As if it needed it. Ulvik is the equivalent of New England, the Rocky Mountains and the Northwest coast of Canada wrapped up in one small hamlet. In Ulvik we sit in our own little garden provided by Sjur and Helen, the farmer and his urban wife, who run Uppphein Farm B&B where we are staying. The farm is located one shy of the highest tier of farms as they snake their way up the mountainside from the fjord below.

When we should be having our after dinner nap, we are deciding where to eat. And when we should be dressing for bed, we are sitting in the garden looking out at the fjord below. Farmers are tractoring by, sheep are bleating and I need to force myself to get under the covers and dream about sleep. At 3AM I awake to see the light glimmering on the water hundreds of feet below and wait for breakfast.

I will not bore you with the splendor of our boat ride up the coast. I do not possess the literary skill to do the description justice and after all I am writing about the light. We venture north on the mail ship Kong Harold at a touch below fifteen knots till the light becomes more pervasive and finally never disappears beneath the horizon.
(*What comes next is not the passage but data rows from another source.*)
(* Let $P\subset\mathbb{Z}^2_{\ge0}$ be a B-polytope. Then, after possibly interchanging the two coordinates, one of the following holds: (1) ($B_1$-polytope) exactly one point of $P$ has nonzero second coordinate, this point is $(a,1)$ for some integer $a\ge0$, and $P$ contains at least two points with second coordinate $0$; (2) (border polytope) $P=\{(0,1),(1,1)\}\cup S\cup T$, where $S$ is a nonempty subset of $\{(c,0): c\in\mathbb{Z},\ c\ge1\}$ and $T\subseteq\{(0,0)\}$.
   Context: A $k$-simplex is a set of $k+1$ affinely independent points; a $k$-simplex $S\subset\mathbb{Z}^m_{\ge0}$ is a B-simplex if there is an index $i$ with exactly $k$ vertices in $\{x_i=0\}$ and the remaining vertex having $x_i=1$ (for $k=0$: the point has some coordinate equal to $1$). A B-polytope in $\mathbb{Z}^m_{\ge0}$ is a finite set $P\subset\mathbb{Z}^m_{\ge0}$ whose affine span has dimension $m$ such that every $(m-1)$-simplex with vertices in $P$ either is a B-simplex or has affine span containing the origin. (For $m=2$: every segment joining two distinct points of $P$ either is a B-simplex or lies on a line through the origin.) *)

theory Defs
  imports Main
begin

type_synonym pt2 = "int \<times> int"

definition coord2 :: "nat \<Rightarrow> pt2 \<Rightarrow> int" where
  "coord2 i p = (if i = 1 then fst p else snd p)"

definition B_simplex2 :: "pt2 \<Rightarrow> pt2 \<Rightarrow> bool" where
  "B_simplex2 p q \<longleftrightarrow> p \<noteq> q \<and>
     (\<exists>i\<in>{1::nat,2}. (coord2 i p = 0 \<and> coord2 i q = 1) \<or> (coord2 i q = 0 \<and> coord2 i p = 1))"

text \<open>The line through distinct p, q contains the origin iff det(p,q) = 0.\<close>
definition line_through_origin2 :: "pt2 \<Rightarrow> pt2 \<Rightarrow> bool" where
  "line_through_origin2 p q \<longleftrightarrow> fst p * snd q - snd p * fst q = 0"

text \<open>The affine span of P has dimension 2: P contains three affinely independent points.\<close>
definition affine_full2 :: "pt2 set \<Rightarrow> bool" where
  "affine_full2 P \<longleftrightarrow> (\<exists>a\<in>P. \<exists>b\<in>P. \<exists>c\<in>P.
      (fst b - fst a) * (snd c - snd a) - (snd b - snd a) * (fst c - fst a) \<noteq> 0)"

definition B_polytope2 :: "pt2 set \<Rightarrow> bool" where
  "B_polytope2 P \<longleftrightarrow> finite P \<and> (\<forall>p\<in>P. fst p \<ge> 0 \<and> snd p \<ge> 0) \<and> affine_full2 P \<and>
     (\<forall>p\<in>P. \<forall>q\<in>P. p \<noteq> q \<longrightarrow> B_simplex2 p q \<or> line_through_origin2 p q)"

end

theory Submission
  imports Defs
begin

text \<open>A point with both coordinates at least 2 spans no B-simplex, so all other points would
  lie on its line through the origin; hence every point has a coordinate at most 1. A point of
  height at least 2 and a point of width at least 2 would span neither a B-simplex nor a line
  through the origin, so after swapping coordinates all points have height 0 or 1. Two points
  of height 1 must have first coordinates 0 and 1, so the top row is a single point (a B1-polytope,
  full dimension forcing two points in the bottom row) or is \<open>{(0,1),(1,1)}\<close>; in the latter
  case we get a border polytope, unless \<open>P = {(0,0),(0,1),(1,1)}\<close>, whose swap is a B1-polytope.\<close>

definition B1_polytope2 :: "pt2 set \<Rightarrow> bool" where
  "B1_polytope2 Q \<longleftrightarrow>
     (\<exists>a::int. a \<ge> 0 \<and> {p\<in>Q. snd p \<noteq> 0} = {(a, 1)} \<and> card {p\<in>Q. snd p = 0} \<ge> 2)"

definition border_polytope2 :: "pt2 set \<Rightarrow> bool" where
  "border_polytope2 Q \<longleftrightarrow>
     (\<exists>S T. Q = {(0, 1), (1, 1)} \<union> S \<union> T \<and> S \<noteq> {} \<and>
        S \<subseteq> {(c, 0) | c::int. c \<ge> 1} \<and> T \<subseteq> {(0, 0)})"

lemma B_simplex2_iff:
  "B_simplex2 p q \<longleftrightarrow> p \<noteq> q \<and> ({fst p, fst q} = {0, 1} \<or> {snd p, snd q} = {0, 1})"
  by (auto simp: B_simplex2_def coord2_def doubleton_eq_iff)

lemma B_simplex2_swap: "B_simplex2 (prod.swap p) (prod.swap q) \<longleftrightarrow> B_simplex2 p q"
  by (auto simp: B_simplex2_iff prod_eq_iff)

lemma line_through_origin2_swap:
  "line_through_origin2 (prod.swap p) (prod.swap q) \<longleftrightarrow> line_through_origin2 p q"
  by (auto simp: line_through_origin2_def algebra_simps)

lemma affine_full2_swap:
  assumes "affine_full2 P"
  shows "affine_full2 (prod.swap ` P)"
proof -
  obtain a b c where abc: "a \<in> P" "b \<in> P" "c \<in> P"
    and det: "(fst b - fst a) * (snd c - snd a) - (snd b - snd a) * (fst c - fst a) \<noteq> 0"
    using assms unfolding affine_full2_def by blast
  have "(snd b - snd a) * (fst c - fst a) - (fst b - fst a) * (snd c - snd a) \<noteq> 0"
    using det by simp
  then show ?thesis
    unfolding affine_full2_def using abc by force
qed

lemma affine_full2_card_ge3:
  assumes "finite P" "affine_full2 P"
  shows "card P \<ge> 3"
proof -
  obtain a b c where abc: "a \<in> P" "b \<in> P" "c \<in> P"
    and det: "(fst b - fst a) * (snd c - snd a) - (snd b - snd a) * (fst c - fst a) \<noteq> 0"
    using assms(2) unfolding affine_full2_def by blast
  have "a \<noteq> b" "a \<noteq> c" "b \<noteq> c"
    using det by (auto simp: algebra_simps)
  then have "3 = card {a, b, c}" by simp
  also have "\<dots> \<le> card P"
    using abc assms(1) by (intro card_mono) auto
  finally show ?thesis .
qed

lemma affine_full2_off_line_through_origin:
  assumes "affine_full2 P" "p \<noteq> (0, 0)"
  shows "\<exists>q\<in>P. \<not> line_through_origin2 p q"
proof (rule ccontr)
  assume "\<not> ?thesis"
  then have on_line: "fst p * snd q = snd p * fst q" if "q \<in> P" for q
    using that by (auto simp: line_through_origin2_def)
  obtain a b c where abc: "a \<in> P" "b \<in> P" "c \<in> P"
    and det: "(fst b - fst a) * (snd c - snd a) - (snd b - snd a) * (fst c - fst a) \<noteq> 0"
    using assms(1) unfolding affine_full2_def by blast
  define D where "D = (fst b - fst a) * (snd c - snd a) - (snd b - snd a) * (fst c - fst a)"
  \<comment> \<open>\<open>b - a\<close> and \<open>c - a\<close> are both parallel to \<open>p\<close>\<close>
  have "fst p * fst p * D = 0" "snd p * snd p * D = 0"
    using on_line[OF abc(1)] on_line[OF abc(2)] on_line[OF abc(3)]
    unfolding D_def by algebra+
  then show False
    using assms(2) det unfolding D_def by (auto simp: prod_eq_iff)
qed

lemma B_polytope2_swap:
  assumes "B_polytope2 P"
  shows "B_polytope2 (prod.swap ` P)"
  using assms unfolding B_polytope2_def
  by (auto simp: affine_full2_swap B_simplex2_swap line_through_origin2_swap)

lemma B_polytope2_pairD:
  assumes "B_polytope2 P" "p \<in> P" "q \<in> P" "p \<noteq> q"
  shows "{fst p, fst q} = {0, 1} \<or> {snd p, snd q} = {0, 1} \<or> fst p * snd q = snd p * fst q"
  using assms unfolding B_polytope2_def B_simplex2_iff line_through_origin2_def by auto

lemma B_polytope2_min_coord_le1:
  assumes B: "B_polytope2 P" and "p \<in> P"
  shows "fst p \<le> 1 \<or> snd p \<le> 1"
proof (rule ccontr)
  assume big: "\<not> ?thesis"
  have "line_through_origin2 p q" if "q \<in> P" for q
    using B_polytope2_pairD[OF B \<open>p \<in> P\<close> that] big
    by (cases "q = p") (auto simp: line_through_origin2_def doubleton_eq_iff)
  moreover have "affine_full2 P" "p \<noteq> (0, 0)"
    using B big unfolding B_polytope2_def by auto
  ultimately show False
    using affine_full2_off_line_through_origin by blast
qed

lemma B_polytope2_snd_le1_or_fst_le1:
  assumes B: "B_polytope2 P"
  shows "(\<forall>p\<in>P. snd p \<le> 1) \<or> (\<forall>p\<in>P. fst p \<le> 1)"
proof (rule ccontr)
  assume "\<not> ?thesis"
  then obtain p q where p: "p \<in> P" "snd p \<ge> 2" and q: "q \<in> P" "fst q \<ge> 2"
    by force
  have "fst p \<le> 1" "snd q \<le> 1"
    using B_polytope2_min_coord_le1[OF B p(1)] B_polytope2_min_coord_le1[OF B q(1)] p q
    by auto
  moreover have "fst p \<ge> 0" "snd q \<ge> 0"
    using B p q unfolding B_polytope2_def by auto
  ultimately have "fst p * snd q \<le> 1"
    by (simp add: mult_le_one)
  moreover have "snd p * fst q \<ge> 2 * 2"
    using p q by (intro mult_mono) auto
  moreover have "p \<noteq> q"
    using p q \<open>fst p \<le> 1\<close> by auto
  ultimately show False
    using B_polytope2_pairD[OF B p(1) q(1)] p q by (auto simp: doubleton_eq_iff)
qed

lemma B_polytope2_top_row:
  assumes B: "B_polytope2 P" and low: "\<forall>p\<in>P. snd p \<le> 1"
  shows "(\<exists>a. {p\<in>P. snd p \<noteq> 0} = {(a, 1)}) \<or> {p\<in>P. snd p \<noteq> 0} = {(0, 1), (1, 1)}"
proof -
  define Y where "Y = {p\<in>P. snd p \<noteq> 0}"
  have full: "affine_full2 P" and nonneg: "\<forall>p\<in>P. snd p \<ge> 0"
    using B unfolding B_polytope2_def by auto
  have snd_Y: "snd p = 1" if "p \<in> Y" for p
  proof -
    have "snd p \<noteq> 0" "snd p \<ge> 0" "snd p \<le> 1"
      using that nonneg low unfolding Y_def by auto
    then show ?thesis by linarith
  qed
  have fst_Y: "fst p \<in> {0, 1}" if "p \<in> Y" "q \<in> Y" "p \<noteq> q" for p q
  proof -
    have "p \<in> P" "q \<in> P"
      using that unfolding Y_def by auto
    moreover have "snd p = 1" "snd q = 1"
      using that snd_Y by blast+
    moreover from this have "fst p \<noteq> fst q"
      using \<open>p \<noteq> q\<close> by (auto simp: prod_eq_iff)
    ultimately show ?thesis
      using B_polytope2_pairD[OF B _ _ \<open>p \<noteq> q\<close>] by (auto simp: doubleton_eq_iff)
  qed
  obtain p where p: "p \<in> Y"
  proof -
    obtain p where "p \<in> P" "\<not> line_through_origin2 (1, 0) p"
      using affine_full2_off_line_through_origin[OF full, of "(1, 0)"] by auto
    then show thesis
      using that by (simp add: Y_def line_through_origin2_def)
  qed
  show ?thesis
  proof (cases "Y = {p}")
    case True
    then have "Y = {(fst p, 1)}"
      using snd_Y[OF p] by (simp add: prod_eq_iff)
    then show ?thesis
      unfolding Y_def by blast
  next
    case False
    then obtain q where q: "q \<in> Y" "q \<noteq> p"
      using p by blast
    have "Y \<subseteq> {(0, 1), (1, 1)}"
    proof
      fix r assume r: "r \<in> Y"
      have "fst r \<in> {0, 1}"
      proof (cases "r = p")
        case True
        then show ?thesis using fst_Y[OF p q(1)] q(2) by simp
      next
        case False
        then show ?thesis using fst_Y[OF r p] by simp
      qed
      then show "r \<in> {(0, 1), (1, 1)}"
        using snd_Y[OF r] by (auto simp: prod_eq_iff)
    qed
    moreover have "{p, q} = {(0, 1), (1, 1)}"
      using fst_Y[OF p q(1)] fst_Y[OF q(1) p] q snd_Y[OF p] snd_Y[OF q(1)]
      by (auto simp: prod_eq_iff)
    ultimately show ?thesis
      using p q unfolding Y_def by blast
  qed
qed

lemma B1_polytope2_if_top_row_singleton:
  assumes B: "B_polytope2 P" and top: "{p\<in>P. snd p \<noteq> 0} = {(a, 1)}"
  shows "B1_polytope2 P"
proof -
  have fin: "finite P" and "affine_full2 P" and "(a, 1) \<in> P"
    using B top unfolding B_polytope2_def by auto
  then have "a \<ge> 0"
    using B unfolding B_polytope2_def by auto
  have "3 \<le> card P"
    using fin \<open>affine_full2 P\<close> by (rule affine_full2_card_ge3)
  also have "card P = card ({p\<in>P. snd p \<noteq> 0} \<union> {p\<in>P. snd p = 0})"
    by (rule arg_cong[where f = card]) blast
  also have "\<dots> \<le> card {p\<in>P. snd p \<noteq> 0} + card {p\<in>P. snd p = 0}"
    by (rule card_Un_le)
  finally show ?thesis
    unfolding B1_polytope2_def using \<open>a \<ge> 0\<close> top by auto
qed

lemma border_polytope2_if_top_row_pair:
  assumes B: "B_polytope2 P" and top: "{p\<in>P. snd p \<noteq> 0} = {(0, 1), (1, 1)}"
  shows "border_polytope2 P \<or> P = {(0, 0), (0, 1), (1, 1)}"
proof -
  define S where "S = {p\<in>P. snd p = 0 \<and> fst p \<noteq> 0}"
  have P_eq: "P = {(0, 1), (1, 1)} \<union> S \<union> P \<inter> {(0, 0)}"
  proof (intro equalityI subsetI)
    fix p assume p: "p \<in> P"
    consider "snd p \<noteq> 0" | "snd p = 0" "fst p \<noteq> 0" | "p = (0, 0)"
      by (metis prod.collapse)
    then show "p \<in> {(0, 1), (1, 1)} \<union> S \<union> P \<inter> {(0, 0)}"
    proof cases
      case 1
      then have "p \<in> {p\<in>P. snd p \<noteq> 0}" using p by blast
      then show ?thesis unfolding top by blast
    qed (use p in \<open>auto simp: S_def\<close>)
  qed (use top in \<open>auto simp: S_def\<close>)
  show ?thesis
  proof (cases "S = {}")
    case False
    have "S \<subseteq> {(c, 0) | c::int. c \<ge> 1}"
    proof
      fix p assume "p \<in> S"
      moreover have "fst p \<ge> 0"
        using B \<open>p \<in> S\<close> unfolding S_def B_polytope2_def by auto
      ultimately show "p \<in> {(c, 0) | c::int. c \<ge> 1}"
        unfolding S_def by (auto simp: prod_eq_iff)
    qed
    then show ?thesis
      unfolding border_polytope2_def using P_eq False by blast
  next
    case True
    have "finite {(0::int, 0::int), (0, 1), (1, 1)}" "P \<subseteq> {(0, 0), (0, 1), (1, 1)}"
      using P_eq True by auto
    moreover have "card {(0::int, 0::int), (0, 1), (1, 1)} \<le> card P"
    proof -
      have "3 \<le> card P"
        using affine_full2_card_ge3 B unfolding B_polytope2_def by blast
      then show ?thesis by simp
    qed
    ultimately show ?thesis
      by (simp add: card_seteq)
  qed
qed

lemma B1_polytope2_swap_triangle: "B1_polytope2 (prod.swap ` {(0, 0), (0, 1), (1, 1)})"
proof -
  have "{p \<in> prod.swap ` {(0, 0), (0, 1), (1, 1)}. snd p \<noteq> 0} = {(1::int, 1::int)}"
    "{p \<in> prod.swap ` {(0, 0), (0, 1), (1, 1)}. snd p = 0} = {(0::int, 0::int), (1, 0)}"
    by auto
  then show ?thesis
    unfolding B1_polytope2_def by auto
qed

lemma B_polytope2_snd_le1_cases:
  assumes B: "B_polytope2 P" and low: "\<forall>p\<in>P. snd p \<le> 1"
  shows "B1_polytope2 P \<or> border_polytope2 P \<or> B1_polytope2 (prod.swap ` P)"
  using B_polytope2_top_row[OF B low] B1_polytope2_if_top_row_singleton[OF B]
    border_polytope2_if_top_row_pair[OF B] B1_polytope2_swap_triangle
  by blast

theorem lemma3p4:
  fixes P :: "(int \<times> int) set"
  assumes "B_polytope2 P"
  shows "\<exists>\<sigma>\<in>{id, prod.swap}. let Q = \<sigma> ` P in
     (\<exists>a::int. a \<ge> 0 \<and> {p\<in>Q. snd p \<noteq> 0} = {(a, 1)} \<and> card {p\<in>Q. snd p = 0} \<ge> 2)
   \<or> (\<exists>S T. Q = {(0, 1), (1, 1)} \<union> S \<union> T \<and> S \<noteq> {} \<and>
        S \<subseteq> {(c, 0) | c::int. c \<ge> 1} \<and> T \<subseteq> {(0, 0)})"
proof -
  let ?normal = "\<lambda>Q. B1_polytope2 Q \<or> border_polytope2 Q"
  have "?normal P \<or> ?normal (prod.swap ` P)"
  proof (cases "\<forall>p\<in>P. snd p \<le> 1")
    case True
    then show ?thesis
      using B_polytope2_snd_le1_cases[OF assms] by blast
  next
    case False
    then have "\<forall>p\<in>prod.swap ` P. snd p \<le> 1"
      using B_polytope2_snd_le1_or_fst_le1[OF assms] by auto
    moreover have "prod.swap ` prod.swap ` P = P"
      by (simp add: image_comp)
    ultimately show ?thesis
      using B_polytope2_snd_le1_cases[OF B_polytope2_swap[OF assms]] by metis
  qed
  then show ?thesis
    unfolding B1_polytope2_def border_polytope2_def Let_def by auto
qed

end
I stand bundled in my new sweater and stare, as the sun never drops below 15 degrees. At first it seems to be darkening, then an instant pass midnight it begins to rise and morning begins, warmth reappears and a certain mania takes over. The ‘night’ this first occurs the boat is infused with energy. The entire compliment of passengers and crew are up and celebrating.

The second night, after a cold day of wind and rain, the clouds clear just prior to midnight and the few souls that are up feel the heat of the rising sun as it reflects off the surface of the Barents Sea. I resist pointing my camera at the hovering sun and try to not to stare, but cannot help myself. Little red orbs cloud my vision as the sun’s photons change the chemistry in my rods and cones.

On the last day of our journey the light has a smoky, fluorescence quality to it. It streams sideways like a million arc lamps lighting up the southern face of Europe’s northern most cliffs. As we stream along a succession of glacial valleys, mountains and villages are bathed in it. Finally I draw the curtains to put the North behind me.

Now as I write this we are chasing the sun back across the North Atlantic. I expect Chicago to be dark and although jealous of the midnight sun I leave behind, I take comfort in the familiar glow of mercury vapor that perpetually baths the city in light.